Por que o Galo canta antes do sol nascer

Hefesto, um odd number,  um mutilado, deus dos nós, deus ferreiro e das forjas, aquele que produz as mais belas jóias, teve por mulheres as mais belas Deusas; inicialmente esteve unido a Charis, a Graça por excelência, conforme conta Homero e também com Aglaia, a mais jovem das Cárites, segundo Hesíodo.

A última de suas esposas foi Afrodite; para consegui-la  Aephaistos,   aquele que incendeia as águas[1],  ofereceu um  vultuoso dote ao Crônida, pela mão da  Deusa da Beleza.  Lembremo-nos que Homero fez Afrodite filha de Zeus e Dione. A tradição anterior a Homero, e posteriormente cantada por Hesíodo, faz  Afrodite nascida de espumas (Aphrós) das águas do mar, onde caíra a amputada genitália de Crono.

Junito, o grande mestre que sempre vale lembrar, qualifica essa união como exemplo de uma coniunctio oppositorum, mas que, dadas as circunstâncias, não conseguiu gerar uma coincidentia oppositarum.

Hefesto, o horror da  feiúra, estava  casado com o esplendor da beleza! Por outro lado, o que incendeia as águas casava-se com a nascida das águas.

A Deusa do amor, antes de tudo uma Deusa da Vegetação, precisa ser fecundada, pois, por si mesma é um grande vazio. Afrodite ressentia-se pelas prolongadas ausências do marido, sempre às voltas com suas forjas. Afrodite não gerou filhos com Hefesto. Diante do impasse, preencheu a solidão do leito com o amor de Ares, deus da  Guerra, na tentativa de compor um novo complexo oppositorum.
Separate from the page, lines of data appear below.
lemma is_policy_reweight:
  assumes "is_policy pol" "\<And>s a. 0 < w s a"
  shows "is_policy (\<lambda>s a. pol s a * w s a / (\<Sum>a'\<in>UNIV. pol s a' * w s a'))"
proof -
  have nonneg: "0 \<le> pol s a" for s a
    using assms(1) by (simp add: is_policy_def is_dist_def)
  have positive: "0 < (\<Sum>a\<in>UNIV. pol s a * w s a)" for s
  proof -
    have "\<exists>a. pol s a \<noteq> 0"
    proof (rule ccontr)
      assume "\<not> ?thesis"
      then have "(\<Sum>a\<in>UNIV. pol s a) = 0" by simp
      with assms(1) show False by (simp add: is_policy_def is_dist_def)
    qed
    then obtain a where "0 < pol s a"
      using nonneg[of s] by (auto simp: order_less_le)
    moreover have "0 \<le> pol s i * w s i" for i
      using nonneg[of s i] assms(2)[of s i] by simp
    ultimately show ?thesis
      using assms(2) by (intro sum_pos2[of UNIV a]) auto
  qed
  show ?thesis
    unfolding is_policy_def is_dist_def
  proof (intro allI conjI)
    fix s a
    show "0 \<le> pol s a * w s a / (\<Sum>a'\<in>UNIV. pol s a' * w s a')"
      using nonneg[of s a] assms(2)[of s a] positive[of s] by simp
  next
    fix s
    show "(\<Sum>a\<in>UNIV. pol s a * w s a / (\<Sum>a'\<in>UNIV. pol s a' * w s a')) = 1"
      using positive[of s] by (simp flip: sum_divide_distrib)
  qed
qed

lemma tilted_mean_of_centered:
  fixes p u :: "'a::finite \<Rightarrow> real" and \<eta> Z :: real
  assumes "(\<Sum>a\<in>UNIV. p a * u a) = 0"
  shows "(\<Sum>a\<in>UNIV. p a * exp (\<eta> * max (u a) 0) / Z * u a)
           = 1 / Z * (\<Sum>i\<in>{i. u i > 0}. p i * u i * (exp (\<eta> * u i) - 1))"
proof -
  have "(\<Sum>a\<in>UNIV. p a * exp (\<eta> * max (u a) 0) / Z * u a)
      = 1 / Z * ((\<Sum>a\<in>UNIV. p a * exp (\<eta> * max (u a) 0) * u a) - (\<Sum>a\<in>UNIV. p a * u a))"
    using assms by (simp add: sum_distrib_left)
  also have "(\<Sum>a\<in>UNIV. p a * exp (\<eta> * max (u a) 0) * u a) - (\<Sum>a\<in>UNIV. p a * u a)
      = (\<Sum>a\<in>UNIV. if u a > 0 then p a * u a * (exp (\<eta> * u a) - 1) else 0)"
    by (subst sum_subtractf[symmetric], rule sum.cong) (auto simp: algebra_simps)
  also have "\<dots> = (\<Sum>i\<in>{i. u i > 0}. p i * u i * (exp (\<eta> * u i) - 1))"
    by (simp add: sum.inter_filter[symmetric])
  finally show ?thesis .
qed

lemma sum_positive_part_exp_gain_nonneg:
  fixes p u :: "'a \<Rightarrow> real" and \<eta> :: real
  assumes "\<And>i. 0 \<le> p i" "0 \<le> \<eta>"
  shows "0 \<le> (\<Sum>i\<in>{i. u i > 0}. p i * u i * (exp (\<eta> * u i) - 1))"
  using assms by (intro sum_nonneg mult_nonneg_nonneg) auto
(* Let $f(\pi)=\pi f_1(0,\pi)+(1-\pi)f_0(0,\pi)$ be a $k$-equilibrium continuous-time dynamics with stable equilibria $\pi^{\mathfrak e}_1\le\dots\le\pi^{\mathfrak e}_k$ and basins $I_1,\dots,I_k$. Work in continuous time, with group $A$ initially advantaged, $\pi_0(1|B)\in I_i$, $\pi_0(1|A)\in I_j$ (so $i\le j$). Under the unconstrained policy UN, $(\pi_t(1|A),\pi_t(1|B))\to(\pi^{\mathfrak e}_j,\pi^{\mathfrak e}_i)$ and $U_t(UN)\to u(1)\big(g_A\pi^{\mathfrak e}_j+(1-g_A)\pi^{\mathfrak e}_i\big)$. Moreover: (i) If the AA1 policy is applied at all times and $L_{AA1}:=\max_{\pi\in[0,1]}|f_1(0,\pi)-f_0(0,\pi)|<1$, then both profiles converge to $\pi^{\mathfrak e}_i$ and $\lim_tU_t(AA1)=u(1)\pi^{\mathfrak e}_i\le\lim_tU_t(UN)$. (ii) If $f_1,f_0$ are $\ell_1$-Lipschitz with constants $L_1,L_0$, the AA2 policy is applied at all times, and $L_{AA2}:=\max_{0\le\Delta\le\pi\le1}\big(2[\pi L_1+(1-\pi)L_0]+|f_1(\Delta,\pi-\Delta)-f_0(\Delta,\pi-\Delta)|\big)<1$, then both profiles converge to $\pi^{\mathfrak e}_j$ and $\lim_tU_t(AA2)=u(1)\pi^{\mathfrak e}_j\ge\lim_tU_t(UN)$. Here $U_t(P)$ is the institutional utility of policy $P$ evaluated on the profiles at time $t$ of the trajectory generated by $P$ from the given initial profiles.
   Context: Two groups $A,B$ with fractions $g_A\in[0,1]$, $g_B=1-g_A$; $\neg j$ is the other group. Group $j$ has profile $\pi_t(1|j)\in[0,1]$, $\pi_t(0|j)=1-\pi_t(1|j)$. Policy $\tau(v;j)\in[0,1]$; utilities $u(0)\le0\le u(1)$; $U_t(\tau)=\sum_jg_j\sum_vu(v)\tau(v;j)\pi_t(v|j)$. Selection rates $\beta_t(v;j)=\tau(v;j)\pi_t(v|j)$. Dynamics: continuously differentiable $f_0,f_1:[0,1]^2\to[0,1]$; continuous time $\frac{d}{dt}\pi_t(1|j)=\pi_t(1|j)(f_1(\beta_t(0;j),\beta_t(1;j))-1)+(1-\pi_t(1|j))f_0(\beta_t(0;j),\beta_t(1;j))$, policy determined by current profiles. UN: $\tau(1;j)=1,\tau(0;j)=0$, so each group follows $\dot\pi=f(\pi)-\pi$. Definition: $f$ is a $k$-equilibrium CT dynamics if it is continuously differentiable with fixed points $\pi^{\mathfrak e}_1\le\dots\le\pi^{\mathfrak e}_k$ and fixed points $\delta_i\in(\pi^{\mathfrak e}_i,\pi^{\mathfrak e}_{i+1})$, $i=1,\dots,k-1$, such that with basins $I_1=[0,\delta_1)$, $I_i=(\delta_{i-1},\delta_i)$ for $1<i<k$, $I_k=(\delta_{k-1},1]$ ($I_1=[0,1]$ if $k=1$), every solution of $\dot\pi=f(\pi)-\pi$ started in $I_i$ converges to $\pi^{\mathfrak e}_i$. Group $j$ is advantaged at $t$ if $\pi_t(1|j)\ge\pi_t(1|\neg j)$. AA1 w.r.t. advantaged $j$: $\tau(1;j)=\pi_t(1|\neg j)/\pi_t(1|j)$, $\tau(0;j)=0$, $\tau(1;\neg j)=1$, $\tau(0;\neg j)=0$. AA2 w.r.t. advantaged $j$: $\tau(1;j)=\tau(1;\neg j)=1$, $\tau(0;j)=0$, $\tau(0;\neg j)=(\pi_t(1|j)-\pi_t(1|\neg j))/(1-\pi_t(1|\neg j))$. "Applied at all times": w.r.t. the currently advantaged group. "$\ell_1$-Lipschitz with constant $L_i$": $|f_i(x_1,x_2)-f_i(y_1,y_2)|\le L_i(|x_1-y_1|+|x_2-y_2|)$. *)

theory Defs
  imports "HOL-Analysis.Analysis"
begin

datatype grp = GA | GB

fun other :: "grp \<Rightarrow> grp" where
  "other GA = GB" | "other GB = GA"

definition gfrac :: "real \<Rightarrow> grp \<Rightarrow> real" where
  "gfrac gA j = (if j = GA then gA else 1 - gA)"

(* A profile is  p :: grp => real,  p j = pi(1|j);  pi(0|j) = 1 - p j.
   Outcomes v in {0,1} are encoded as bool (True = 1, False = 0). *)
definition piv :: "(grp \<Rightarrow> real) \<Rightarrow> bool \<Rightarrow> grp \<Rightarrow> real" where
  "piv p v j = (if v then p j else 1 - p j)"

definition utility :: "real \<Rightarrow> real \<Rightarrow> real \<Rightarrow> (bool \<Rightarrow> grp \<Rightarrow> real) \<Rightarrow> (grp \<Rightarrow> real) \<Rightarrow> real" where
  "utility u0 u1 gA tau p =
     (\<Sum>j\<in>{GA, GB}. gfrac gA j *
        (u1 * tau True j * piv p True j + u0 * tau False j * piv p False j))"

definition sel :: "(bool \<Rightarrow> grp \<Rightarrow> real) \<Rightarrow> (grp \<Rightarrow> real) \<Rightarrow> bool \<Rightarrow> grp \<Rightarrow> real" where
  "sel tau p v j = tau v j * piv p v j"

definition field :: "(real \<Rightarrow> real \<Rightarrow> real) \<Rightarrow> (real \<Rightarrow> real \<Rightarrow> real)
     \<Rightarrow> (bool \<Rightarrow> grp \<Rightarrow> real) \<Rightarrow> (grp \<Rightarrow> real) \<Rightarrow> grp \<Rightarrow> real" where
  "field f0 f1 tau p j =
     p j * (f1 (sel tau p False j) (sel tau p True j) - 1)
     + (1 - p j) * f0 (sel tau p False j) (sel tau p True j)"

(* the currently advantaged group (ties broken towards A; at a tie all the
   policies below induce the same selection rates for either choice) *)
definition adv :: "(grp \<Rightarrow> real) \<Rightarrow> grp" where
  "adv p = (if p GB \<le> p GA then GA else GB)"

definition UNpol :: "(grp \<Rightarrow> real) \<Rightarrow> bool \<Rightarrow> grp \<Rightarrow> real" where
  "UNpol p v j = (if v then 1 else 0)"

definition AA1pol :: "(grp \<Rightarrow> real) \<Rightarrow> bool \<Rightarrow> grp \<Rightarrow> real" where
  "AA1pol p v j = (let a = adv p in
     if v then (if j = a then p (other a) / p a else 1) else 0)"

definition AA2pol :: "(grp \<Rightarrow> real) \<Rightarrow> bool \<Rightarrow> grp \<Rightarrow> real" where
  "AA2pol p v j = (let a = adv p in
     if v then 1
     else (if j = a then 0 else (p a - p (other a)) / (1 - p (other a))))"

definition trajectory :: "(real \<Rightarrow> real \<Rightarrow> real) \<Rightarrow> (real \<Rightarrow> real \<Rightarrow> real)
     \<Rightarrow> ((grp \<Rightarrow> real) \<Rightarrow> bool \<Rightarrow> grp \<Rightarrow> real) \<Rightarrow> (real \<Rightarrow> grp \<Rightarrow> real) \<Rightarrow> bool" where
  "trajectory f0 f1 P x \<longleftrightarrow>
     (\<forall>t\<ge>0. \<forall>j. x t j \<in> {0..1}) \<and>
     (\<forall>t\<ge>0. \<forall>j. ((\<lambda>s. x s j) has_real_derivative field f0 f1 (P (x t)) (x t) j)
                   (at t within {0..}))"

definition C1_on2 :: "(real \<Rightarrow> real \<Rightarrow> real) \<Rightarrow> (real \<times> real) set \<Rightarrow> bool" where
  "C1_on2 h S \<longleftrightarrow> (\<exists>grad :: real \<times> real \<Rightarrow> real \<times> real.
      continuous_on S grad \<and>
      (\<forall>z\<in>S. ((\<lambda>w. h (fst w) (snd w)) has_derivative
                 (\<lambda>d. fst (grad z) * fst d + snd (grad z) * snd d)) (at z within S)))"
Hélio, o condutor do carro do Sol, aquele que tudo vê, muito fofoqueiro, uma vez que  está sempre  vasculhando a intimidade de todos, tão logo descobriu os amantes, os denunciou a Hefesto, que já sabia das infidelidades da esposa. Tornando-se o fato rex publica, o deus coxo precisou tomar-se de fúria e, pulando numa só perna, prometeu vingança. Urdiu e tramou e, em suas fabulações maquiavélicas, uma rede metálica, de fios invisíveis, teceu; forjou armadilha indestrutível, como só ele sabia criar e colocou-a por sobre o leito conjugal para prender os amantes.

Logo pela manhã, com a alegação de que iria para Lemnos, cidade do povo Síntio, Hefesto partiu, anunciando que se demoraria por alguns dias e noites.

Ares, o mais odioso de todos os imortais que habitam o Olimpo[2], prontamente se apresentou à amada convidando-a para com ele partilhar o leito. Sempre  precavido, porém, deixava o servo Alectrion de plantão o qual deveria, com antecedência,  avisá-lo sobre o nascer do dia.

O jovem sentinela, cansado das lides diurnas e noturnas de seu amo, adormeceu e assim; Helio que tudo vê e não perde a hora, conhecedor de todas as mazelas do mundo[3]surpreendeu os amantes e tudo relatou a Hefesto. A armadilha projetada funcionara a contento e, quando o marido traído retornou,  encontrou os amantes aprisionados.

A cólera assomou a seu peito e rebentando num grito espantoso que todos os deuses ouviram[4]. Hefesto  invocou a presença de Zeus, reclamou de Afrodite, acusou Ares de desonrá-lo e justificou-se com sua deformidade dizendo que a culpa era de seus pais!

– Melhor fora se nunca me houvessem gerado[5].

Os deuses afluíram à casa  de bronze: Posídon, Hermes, Apolo, um a um foram chegando.  As deusas abstiveram-se de entrar pelo pejo que sentiram.

Ao contemplarem o artifício de Hefesto, os deuses caíram em profusas gargalhadas. Mas, para nosso espanto, o que Hefesto reclamava é que os dotes que havia pago ao Crônida Zeus, fossem-lhe ressarcidos por Ares!

Posídon interferiu sugerindo que os amantes fossem libertados, comprometendo-se que a dívida seria paga por Ares e que, em última instância, por ela responderia!

Hefesto respondeu, cordato:

– Não fica bem recusar-me a aceitar o penhor, que apresentas[6].

Assim  Ares e Afrodite foram soltos.  Para a Trácia se mandou Ares e Afrodite recolheu-se na Ilha de Chipre para ser banhada e ungida pelas Graças com óleo sacro e perene “[7].

Quanto ao jovem Alectrion, consta que sofre até hoje com sua punição uma vez que foi metamorfoseado em Galo e obrigado a cantar eternamente por toda madrugada, antes do Sol nascer.